Now before I get too deep into my own judgment of Kiszla’s article let me first say that I am not from the inner city, nor have I experienced the hardships of poverty or racial prejudice. However, I will say that I have numerous dear friends who have overcome such hardships to make it to differing professional athletic ranks and I have played this game on some of the largest and most intimidating stages for the level of ball of which I could reach. A few of the best venues that I have had the honor of playing at have been the University of North Carolina’s high school invite camp and the inner city games of South Beach, Miami, Venice Beach, California, and Brooklyn, New York. I am a lover of hip-hop culture and ethnic cultures different than my own.
With that being said, Kiszla writes, “Born to a good home, raised by two loving parents and made rich as a teenager by the NBA, Smith was so desperate for the street cred glorified by hip-hop culture that he became a poseur, thinking if he wore baggy shorts half off his bum, then maybe Carmelo Anthony, Kenyon Martin and teammates who came up from mean streets would accept him. Smith is a gangsta wannabe who got lost in a dangerous game of make-believe.”
At first I laughed when I read that particular piece of the article, but then my humorous state was quickly replaced by disgust. Let’s get one thing straight right now: J.R. Smith does not need to wear a certain type or size of clothing to be accepted by fellow professionals. I believe that the unwritten rules of respect, on any level of athletics, imply that if a competitor is on the same stage as you then said competitor is there for a reason. And in J.R. Smith’s case… he is a teammate and fellow player in the National Basketball Association because of his physical gifts and his dedication to the game itself. Both of which have taken him to this level of basketball. Gangsta or not, the only fools would be Anthony, Martin, and teammates (none of which I think acutally do), and in this case, Kiszla for making such judgments based upon such meaningless parameters.
Moving on to the next asinine statements Kiszla makes brings us to these gems of journalism. Mark writes, “Anybody who knows Smith, however, is tempted to do the same as Anthony did when the 6-foot-6 guard arrived in town. Melo threw an arm around the newcomer and protected him like a little brother, because J.R. was a small-town kid born down the clean working-class street from where Bruce Springsteen grew up, rather than in the nasty urban jungle of Jay-Z. On the Nuggets, however, Smith was forever stuck being the li'l bro, trying to dunk louder or act crazier to prove he belonged. It was as if he needed to impress Melo, K-Mart and Allen Iverson, who all grew up earning scars from gritty existences that Smith only knew from watching "The Wire" on HBO. Although he flashed gang signs after making 3-point shots, Smith never really knew what he was doing. There is a song by 50 Cent in which the rapper warns the life is too dangerous for a wannabe gangsta. Smith was too busy drowning in a culture bigger than himself to figure out what he wanted to be when he grew up.”
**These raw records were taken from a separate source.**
(* Assume $b_1\ne b_2, c_1=c_2$ or $b_1=b_2, c_1\ne c_2$. 1. If $a_1=a_2$, then both $\check{f}$ and $\widehat{f}$ have no roots. 2. If $a_1\ne a_2$, then either $\check{f}$ or $\widehat{f}$, but not both, has exactly one root $x_0$ at which it changes sign. The corresponding derivative is nonzero at $x_0$.
   Context: A function $f:\mathbb{R}^+\to\mathbb{R}^+$ is called strongly hyperbolic if: (1) $\lim_{x\to 0+} f(x)=+\infty$ and $\lim_{x\to+\infty} f(x)=0$; (2) $f$ is strictly convex; (3) for each $b\in\mathbb{R}$, $\lim_{x\to+\infty} f(x+b)/f(x)=1$; (4) $f$ is differentiable; (5) $\ln|f'(x)|$ is strictly convex. Let $f_1,f_2$ be strongly hyperbolic functions, let $a_1,a_2>0$ and $b_1,b_2,c_1,c_2\in\mathbb{R}$. Define $\check{f}:(\max\{-b_1,-b_2\},+\infty)\to\mathbb{R}$, $\check{f}(x)=a_1f_1(x+b_1)+c_1-a_2f_1(x+b_2)-c_2$, and $\widehat{f}:(-\infty,\min\{-b_1,-b_2\})\to\mathbb{R}$, $\widehat{f}(x)=-a_1f_2(-x-b_1)+c_1+a_2f_2(-x-b_2)-c_2$. *)

theory Defs
  imports "HOL-Analysis.Analysis"
begin

definition strictly_convex_on :: "real set \<Rightarrow> (real \<Rightarrow> real) \<Rightarrow> bool" where
  "strictly_convex_on S f \<longleftrightarrow>
     (\<forall>x\<in>S. \<forall>y\<in>S. \<forall>t::real. x \<noteq> y \<and> 0 < t \<and> t < 1 \<longrightarrow>
        f (t * x + (1 - t) * y) < t * f x + (1 - t) * f y)"

text \<open>Strongly hyperbolic functions f : (0,inf) -> (0,inf); only the values on {0<..} matter.\<close>
definition strongly_hyperbolic :: "(real \<Rightarrow> real) \<Rightarrow> bool" where
  "strongly_hyperbolic f \<longleftrightarrow>
     (\<forall>x>0. f x > 0) \<and>
     filterlim f at_top (at_right 0) \<and>
     (f \<longlongrightarrow> 0) at_top \<and>
     strictly_convex_on {0<..} f \<and>
     (\<forall>b::real. ((\<lambda>x. f (x + b) / f x) \<longlongrightarrow> 1) at_top) \<and>
     (\<forall>x>0. f differentiable (at x)) \<and>
     strictly_convex_on {0<..} (\<lambda>x. ln \<bar>deriv f x\<bar>)"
First of all, those aren’t gang signs J.R. tosses after connecting on a long range shot, but rather the same signal that the referees uses to alert the scorekeeper that the make was worth three points! Check the referee handbook if you don’t believe me.
Second, and more importantly, where do you get off relating a tragedy of this magnitude to mainstream hip-hop artists’ hyperbolic interpretation of a culture that is merely more than an over glorified money making front that a culture seemingly doesn’t realize reflects their true contributions to society in a negative manner?
Furthermore, I would be very surprised if Kiszla himself has ever listened to anything 50, Jay Z, or anyone else in the hip-hop community has produced since the Sugar Hill Gang released “Rapper’s Delight”, but unlike the man himself… I am not one for bestowing judgments that I can not be sure of!
So to answer your comment, Tymes, I am surprised that this article even made it past the final sports editor over at the Denver Post, (usually the best of the Denver Metro papers). I feel Kiszla is way off base in his assessments and to relate this tragic time to African-American popular culture is down right ridiculous. Just check the comments on the article itself if you don’t believe me!